**EXERCISE INSTRUCTIONS**.
Output only the lines of the entries that follow, starting at the one with "then show ?thesis unfolding" and running down to the one with "proof (intro CollectI conjI ballI)", both included and unchanged.

**Collected data**.
....
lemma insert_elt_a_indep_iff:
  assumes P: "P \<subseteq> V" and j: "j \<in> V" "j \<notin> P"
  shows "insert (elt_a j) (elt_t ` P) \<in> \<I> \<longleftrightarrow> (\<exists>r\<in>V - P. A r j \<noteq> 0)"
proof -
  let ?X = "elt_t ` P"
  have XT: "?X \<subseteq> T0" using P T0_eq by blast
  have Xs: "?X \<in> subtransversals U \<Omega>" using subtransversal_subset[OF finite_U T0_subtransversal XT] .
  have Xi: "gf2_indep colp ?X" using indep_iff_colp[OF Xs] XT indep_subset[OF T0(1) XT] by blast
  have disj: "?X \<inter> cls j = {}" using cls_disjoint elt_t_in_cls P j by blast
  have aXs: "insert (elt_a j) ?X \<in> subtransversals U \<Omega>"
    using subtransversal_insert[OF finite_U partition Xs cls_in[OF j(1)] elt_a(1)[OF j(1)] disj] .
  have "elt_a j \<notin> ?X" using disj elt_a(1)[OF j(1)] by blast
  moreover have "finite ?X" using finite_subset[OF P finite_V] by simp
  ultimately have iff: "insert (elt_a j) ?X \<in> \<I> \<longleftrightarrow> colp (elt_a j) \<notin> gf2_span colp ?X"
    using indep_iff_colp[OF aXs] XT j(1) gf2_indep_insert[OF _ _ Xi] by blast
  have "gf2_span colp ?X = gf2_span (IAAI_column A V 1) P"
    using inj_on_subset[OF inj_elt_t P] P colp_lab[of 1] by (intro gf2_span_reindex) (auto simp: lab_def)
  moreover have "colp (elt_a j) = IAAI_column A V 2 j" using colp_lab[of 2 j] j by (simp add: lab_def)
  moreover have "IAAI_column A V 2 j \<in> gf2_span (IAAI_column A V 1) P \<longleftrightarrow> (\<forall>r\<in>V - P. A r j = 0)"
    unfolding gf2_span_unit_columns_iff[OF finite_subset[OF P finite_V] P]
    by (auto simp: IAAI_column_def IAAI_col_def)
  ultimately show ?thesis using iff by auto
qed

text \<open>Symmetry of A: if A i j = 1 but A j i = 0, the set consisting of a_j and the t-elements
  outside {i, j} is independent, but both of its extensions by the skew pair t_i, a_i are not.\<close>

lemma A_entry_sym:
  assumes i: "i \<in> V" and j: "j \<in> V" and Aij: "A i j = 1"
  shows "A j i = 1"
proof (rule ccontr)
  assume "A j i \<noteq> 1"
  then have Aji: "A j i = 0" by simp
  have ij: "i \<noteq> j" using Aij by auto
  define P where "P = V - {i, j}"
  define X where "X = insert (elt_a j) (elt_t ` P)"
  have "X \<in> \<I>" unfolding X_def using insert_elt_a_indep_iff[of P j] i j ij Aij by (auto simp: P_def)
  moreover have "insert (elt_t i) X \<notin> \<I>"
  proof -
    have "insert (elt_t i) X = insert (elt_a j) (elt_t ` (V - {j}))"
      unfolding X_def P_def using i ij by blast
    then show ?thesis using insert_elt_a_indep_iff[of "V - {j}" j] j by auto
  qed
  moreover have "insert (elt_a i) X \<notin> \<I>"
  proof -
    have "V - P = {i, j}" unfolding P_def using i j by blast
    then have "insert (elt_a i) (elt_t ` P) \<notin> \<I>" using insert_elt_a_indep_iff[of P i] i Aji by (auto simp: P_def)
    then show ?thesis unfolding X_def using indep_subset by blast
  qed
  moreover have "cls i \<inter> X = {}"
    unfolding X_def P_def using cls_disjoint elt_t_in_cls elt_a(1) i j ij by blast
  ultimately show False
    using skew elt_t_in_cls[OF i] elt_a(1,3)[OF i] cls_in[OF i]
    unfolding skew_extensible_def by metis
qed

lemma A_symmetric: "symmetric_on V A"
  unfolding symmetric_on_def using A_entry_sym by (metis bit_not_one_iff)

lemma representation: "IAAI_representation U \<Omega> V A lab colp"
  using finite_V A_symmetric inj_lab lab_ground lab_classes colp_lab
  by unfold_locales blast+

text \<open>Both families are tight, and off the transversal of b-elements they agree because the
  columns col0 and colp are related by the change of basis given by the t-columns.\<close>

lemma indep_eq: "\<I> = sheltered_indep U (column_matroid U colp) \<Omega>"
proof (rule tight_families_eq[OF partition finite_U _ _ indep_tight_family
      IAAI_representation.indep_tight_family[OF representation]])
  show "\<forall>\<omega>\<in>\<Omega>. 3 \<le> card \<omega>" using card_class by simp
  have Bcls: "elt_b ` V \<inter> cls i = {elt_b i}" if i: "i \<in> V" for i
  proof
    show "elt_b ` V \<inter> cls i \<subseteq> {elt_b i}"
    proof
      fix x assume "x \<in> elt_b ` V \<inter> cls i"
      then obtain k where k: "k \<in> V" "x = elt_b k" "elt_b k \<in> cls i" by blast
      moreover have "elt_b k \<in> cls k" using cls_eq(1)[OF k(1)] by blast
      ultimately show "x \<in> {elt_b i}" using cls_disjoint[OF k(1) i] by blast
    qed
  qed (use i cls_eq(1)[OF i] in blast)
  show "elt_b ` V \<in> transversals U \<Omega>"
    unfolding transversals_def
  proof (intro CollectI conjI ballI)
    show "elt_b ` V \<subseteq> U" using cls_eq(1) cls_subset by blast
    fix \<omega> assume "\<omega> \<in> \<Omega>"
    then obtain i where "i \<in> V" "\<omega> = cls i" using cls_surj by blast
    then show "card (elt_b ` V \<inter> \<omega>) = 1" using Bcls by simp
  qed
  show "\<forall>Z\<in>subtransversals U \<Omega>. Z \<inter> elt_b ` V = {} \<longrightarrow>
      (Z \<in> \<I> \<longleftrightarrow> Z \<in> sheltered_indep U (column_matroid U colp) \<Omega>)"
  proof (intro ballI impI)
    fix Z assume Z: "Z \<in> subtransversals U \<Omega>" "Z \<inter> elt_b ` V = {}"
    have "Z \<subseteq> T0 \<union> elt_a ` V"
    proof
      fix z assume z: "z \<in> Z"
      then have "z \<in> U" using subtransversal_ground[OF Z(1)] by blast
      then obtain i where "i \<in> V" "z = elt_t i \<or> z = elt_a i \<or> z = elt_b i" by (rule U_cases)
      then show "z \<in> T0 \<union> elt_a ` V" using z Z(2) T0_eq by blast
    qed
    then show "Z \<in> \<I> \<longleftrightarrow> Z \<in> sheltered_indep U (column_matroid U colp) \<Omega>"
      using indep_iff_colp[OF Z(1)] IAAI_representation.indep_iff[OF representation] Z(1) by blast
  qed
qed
....
**YOUR RESPONSE**.
    then show ?thesis unfolding X_def using indep_subset by blast
  qed
  moreover have "cls i \<inter> X = {}"
    unfolding X_def P_def using cls_disjoint elt_t_in_cls elt_a(1) i j ij by blast
  ultimately show False
    using skew elt_t_in_cls[OF i] elt_a(1,3)[OF i] cls_in[OF i]
    unfolding skew_extensible_def by metis
qed

lemma A_symmetric: "symmetric_on V A"
  unfolding symmetric_on_def using A_entry_sym by (metis bit_not_one_iff)

lemma representation: "IAAI_representation U \<Omega> V A lab colp"
  using finite_V A_symmetric inj_lab lab_ground lab_classes colp_lab
  by unfold_locales blast+

text \<open>Both families are tight, and off the transversal of b-elements they agree because the
  columns col0 and colp are related by the change of basis given by the t-columns.\<close>

lemma indep_eq: "\<I> = sheltered_indep U (column_matroid U colp) \<Omega>"
proof (rule tight_families_eq[OF partition finite_U _ _ indep_tight_family
      IAAI_representation.indep_tight_family[OF representation]])
  show "\<forall>\<omega>\<in>\<Omega>. 3 \<le> card \<omega>" using card_class by simp
  have Bcls: "elt_b ` V \<inter> cls i = {elt_b i}" if i: "i \<in> V" for i
  proof
    show "elt_b ` V \<inter> cls i \<subseteq> {elt_b i}"
    proof
      fix x assume "x \<in> elt_b ` V \<inter> cls i"
      then obtain k where k: "k \<in> V" "x = elt_b k" "elt_b k \<in> cls i" by blast
      moreover have "elt_b k \<in> cls k" using cls_eq(1)[OF k(1)] by blast
      ultimately show "x \<in> {elt_b i}" using cls_disjoint[OF k(1) i] by blast
    qed
  qed (use i cls_eq(1)[OF i] in blast)
  show "elt_b ` V \<in> transversals U \<Omega>"
    unfolding transversals_def
  proof (intro CollectI conjI ballI)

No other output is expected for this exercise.